Installing NIRD within a Conda environment is recommended.
Step 1: Create a Conda environment
conda create -n nird python=3.8 pip -y
OR
conda env create -f nird.yml
Step 2: Activate conda environment
conda activate nird
Step 3: Install required dependencies
Install all required libraries using the provided requirements.txt file:
pip install -r requirements.txt
The NIRD tool requires a gene expression matrix as input. This matrix should be in CSV or TSV format. The matrix rows should represent samples (e.g. GSM IDs from GEO datasets) and columns should represent genes.
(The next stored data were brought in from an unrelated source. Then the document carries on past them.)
lemma fuzzy_equiv_sym: "fuzzy_equiv E \<Longrightarrow> E x y = E y x"
  unfolding fuzzy_equiv_def by blast

lemma fuzzy_equiv_trans: "fuzzy_equiv E \<Longrightarrow> mul (E x y) (E y z) \<le> E x z"
  unfolding fuzzy_equiv_def by blast

lemma fuzzy_equiv_cokernel: "fuzzy_equiv (cokernel res R)"
  unfolding fuzzy_equiv_def
proof (intro conjI allI)
  fix x y z
  show "cokernel res R x x = top" by (simp add: cokernel_def biimp_def)
  show "cokernel res R x y = cokernel res R y x"
    by (simp add: cokernel_def biimp_def inf_commute)
  show "mul (cokernel res R x y) (cokernel res R y z) \<le> cokernel res R x z"
    unfolding cokernel_def
    by (rule INF_greatest, rule order_trans[OF mul_mono biimp_trans]) (auto intro: INF_lower)
qed

lemma fkernel_eq_cokernel_conv: "fkernel res R = cokernel res (rel_conv R)"
  by (intro ext) (simp add: fkernel_def cokernel_def rel_conv_def)

lemma fuzzy_equiv_fkernel: "fuzzy_equiv (fkernel res R)"
  by (simp add: fkernel_eq_cokernel_conv fuzzy_equiv_cokernel)

lemma fuzzy_equiv_conv: "fuzzy_equiv E \<Longrightarrow> rel_conv E = E"
  by (intro ext) (simp add: rel_conv_def fuzzy_equiv_sym)

lemma fuzzy_equiv_class_eq:
  assumes "fuzzy_equiv E" "E x y = top"
  shows "E x = E y"
proof
  fix z
  have "E x z \<le> E y z" "E y z \<le> E x z"
    using fuzzy_equiv_trans[OF assms(1), of y x z] fuzzy_equiv_trans[OF assms(1), of x y z]
      assms fuzzy_equiv_sym[OF assms(1), of x y] by simp_all
  then show "E x z = E y z" by (rule antisym)
qed

lemma fuzzy_equiv_class_eqD: "fuzzy_equiv E \<Longrightarrow> E x = E y \<Longrightarrow> E x y = top"
  by (metis fuzzy_equiv_refl)

lemma fuzzy_equiv_comp_self: assumes "fuzzy_equiv E" shows "E \<cdot> E = E"
proof (intro ext antisym)
  fix x z
  show "(E \<cdot> E) x z \<le> E x z"
    unfolding rel_comp_def by (rule SUP_least) (rule fuzzy_equiv_trans[OF assms])
  show "E x z \<le> (E \<cdot> E) x z"
    unfolding rel_comp_def by (rule SUP_upper2[of z]) (simp_all add: fuzzy_equiv_refl[OF assms])
qed

lemma le_fuzzy_equiv_comp: "fuzzy_equiv E \<Longrightarrow> M \<le> E \<cdot> M"
  unfolding le_fun_def rel_comp_def
proof (intro allI)
  fix x y assume "fuzzy_equiv E"
  then show "M x y \<le> (SUP z. mul (E x z) (M z y))"
    by (intro SUP_upper2[of x]) (simp_all add: fuzzy_equiv_refl)
qed

lemma le_comp_fuzzy_equiv: "fuzzy_equiv E \<Longrightarrow> M \<le> M \<cdot> E"
  unfolding le_fun_def rel_comp_def
proof (intro allI)
  fix x y assume "fuzzy_equiv E"
  then show "M x y \<le> (SUP z. mul (M x z) (E z y))"
    by (intro SUP_upper2[of y]) (simp_all add: fuzzy_equiv_refl)
qed

lemma fuzzy_equiv_INF_biimp:
  assumes "fuzzy_equiv E"
  shows "(INF b. biimp res (E x b) (E y b)) = E x y"
proof (rule antisym)
  show "(INF b. biimp res (E x b) (E y b)) \<le> E x y"
    by (rule INF_lower2[of y]) (simp_all add: biimp_def fuzzy_equiv_refl[OF assms] le_infI2)
  have "mul (E x y) (E x b) \<le> E y b" "mul (E x y) (E y b) \<le> E x b" for b
    using fuzzy_equiv_trans[OF assms, of y x b] fuzzy_equiv_trans[OF assms, of x y b]
      fuzzy_equiv_sym[OF assms, of x y] by simp_all
  then show "E x y \<le> (INF b. biimp res (E x b) (E y b))"
    unfolding biimp_def by (auto intro!: INF_greatest simp: residuation)
qed

lemma quot_rel_class:
  assumes "fuzzy_equiv E"
  shows "quot_rel mul E V i (E x1) (E x2) = (E \<cdot> V i \<cdot> E) x1 x2"
proof -
  define c1 c2 where "c1 = (SOME x. E x = E x1)" and "c2 = (SOME x. E x = E x2)"
  have c1: "E c1 = E x1" and c2: "E c2 = E x2" unfolding c1_def c2_def by (rule someI, simp)+
  have "E z c2 = E z x2" for z
    using fuzzy_equiv_sym[OF assms, of z c2] fuzzy_equiv_sym[OF assms, of z x2] c2 by simp
  then show ?thesis unfolding quot_rel_def c1_def[symmetric] c2_def[symmetric] rel_comp_def c1
    by simp
qed

end

locale uniform_relation = residuated_lattice mul res
  for mul res :: "'l::complete_lattice \<Rightarrow> 'l \<Rightarrow> 'l" +
  fixes R :: "'a \<Rightarrow> 'b \<Rightarrow> 'l"
  assumes uniform: "uniform_rel mul res R"
begin

abbreviation E where "E \<equiv> fkernel res R"
abbreviation F where "F \<equiv> cokernel res R"

definition psi :: "'a \<Rightarrow> 'b" where "psi a = (SOME b. R a b = top)"
definition phi :: "'b \<Rightarrow> 'a" where "phi b = (SOME a. R a b = top)"

lemma R_psi: "R a (psi a) = top"
  unfolding psi_def by (rule someI_ex) (use uniform in \<open>simp add: uniform_rel_def\<close>)

lemma R_phi: "R (phi b) b = top"
  unfolding phi_def by (rule someI_ex) (use uniform in \<open>simp add: uniform_rel_def\<close>)

lemma mul_R_le_cokernel: "mul (R a b1) (R a b2) \<le> F b1 b2"
  using uniform unfolding uniform_rel_def by blast

lemma cokernel_le_res: "F b1 b2 \<le> res (R a b1) (R a b2)"
  unfolding cokernel_def biimp_def by (rule INF_lower2[of a]) auto

lemma R_eq_cokernel_psi: "R a b = F (psi a) b"
proof (rule antisym)
  show "R a b \<le> F (psi a) b" using mul_R_le_cokernel[of a "psi a" b] by (simp add: R_psi)
  show "F (psi a) b \<le> R a b" using cokernel_le_res[of "psi a" b a] by (simp add: R_psi)
qed

lemma fkernel_eq_cokernel_psi: "E a1 a2 = F (psi a1) (psi a2)"
proof -
  have "E a1 a2 = (INF b. biimp res (F (psi a1) b) (F (psi a2) b))"
    unfolding fkernel_def by (simp add: R_eq_cokernel_psi[symmetric])
  then show ?thesis by (simp add: fuzzy_equiv_INF_biimp[OF fuzzy_equiv_cokernel])
qed

lemma R_eq_cokernel_psi': "R a b = F b (psi a)"
  by (simp add: R_eq_cokernel_psi fuzzy_equiv_sym[OF fuzzy_equiv_cokernel, where x = b])

lemma cokernel_psi_phi: "F (psi (phi b)) = F b"
  by (rule fuzzy_equiv_class_eq[OF fuzzy_equiv_cokernel])
    (simp add: R_eq_cokernel_psi[symmetric] R_phi)

lemma comp_conv_eq_fkernel: "R \<cdot> rel_conv R = E"
proof (intro ext)
  fix a1 a2
  have "(R \<cdot> rel_conv R) a1 a2 = (F \<cdot> F) (psi a1) (psi a2)"
    unfolding rel_comp_def rel_conv_def R_eq_cokernel_psi[of a1] R_eq_cokernel_psi'[of a2] ..
  then show "(R \<cdot> rel_conv R) a1 a2 = E a1 a2"
    by (simp add: fuzzy_equiv_comp_self[OF fuzzy_equiv_cokernel] fkernel_eq_cokernel_psi)
qed

lemma conv_comp_eq_cokernel: "rel_conv R \<cdot> R = F"
proof (intro ext antisym)
  fix b1 b2
  show "(rel_conv R \<cdot> R) b1 b2 \<le> F b1 b2"
    unfolding rel_comp_def rel_conv_def by (rule SUP_least) (rule mul_R_le_cokernel)
  have "F b1 b2 \<le> R (phi b1) b2" using cokernel_le_res[of b1 b2 "phi b1"] by (simp add: R_phi)
  also have "\<dots> = mul (rel_conv R b1 (phi b1)) (R (phi b1) b2)" by (simp add: rel_conv_def R_phi)
  also have "\<dots> \<le> (rel_conv R \<cdot> R) b1 b2" unfolding rel_comp_def by (rule SUP_upper) simp
  finally show "F b1 b2 \<le> (rel_conv R \<cdot> R) b1 b2" .
qed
Each cell should contain the expression value of a gene in a given sample (e.g., TPM, FPKM, or raw counts, depending on your preprocessing pipeline).
| | CDC42BPA | ARHGAP1 | CADM1 | CSNK1A1 | SLC25A3 |
| ---------- | --------- | --------- | --------- | --------- | --------- |
| GSM2172403 | 59.00775 | 14.55039 | 50.11628 | 31.77519 | 156.81395 |
| GSM2172457 | 0.74419 | 2.31783 | 573.31008 | 395.65891 | 119.65891 |
| GSM2172483 | 87.41085 | 44.32558 | 160.48837 | 63.75194 | 664.98450 |
| GSM2172489 | 68.16279 | 50.72868 | 84.61240 | 521.28682 | 0 |
| GSM2172507 | 208.06202 | 266.34884 | 351.10078 | 82.31008 | 163.42636 |
This tool also supports datasets that come with gold standard regulatory interactions, commonly used in benchmarks like DREAM5. You can use the provided script (Gold_Data) to load both expression data and gold standard regulatory networks for evaluation or training.
The gold standard file should contain three with columns:
Regulator Target Label
Aff1 Wfdc18 1
Arnt2 Abca13 1
Atf3 Igf2 1
Note: Duplicates are allowed in the file, they will be handled internally by the tool.
Apart from standard expression-expression (expr-expr) network inference, the Double_Expr.py script also supports gene regulatory network inference using transcription velocity data. This allows the tool to infer Expr-Velo networks for linking steady-state expression with future transcriptional dynamics.
This feature enables NIRD to capture causal, time-lagged, or dynamic regulations that are not detectable from static expression data alone.
🧬 Input Format for Velocity Data
The transcription velocity matrix should be a CSV file where:
| | LINC02593 | NOC2L | C1orf159 | SDF4 | UBE2J2 |
| ---------- | --------- | ------- | -------- | ------- | ------- |
| SRR2978582 | -0.4771 | -0.4657 | -1.2073 | -0.0402 | 0.2096 |
| SRR2978568 | -0.3028 | -0.5002 | -0.6872 | -0.0317 | -0.1525 |
| SRR2978599 | -0.2604 | -0.5261 | -0.4434 | -0.0435 | 0.1729 |
Once you’ve completed the primary setup, you’re ready to run the NIRD tool for network inference and evaluation.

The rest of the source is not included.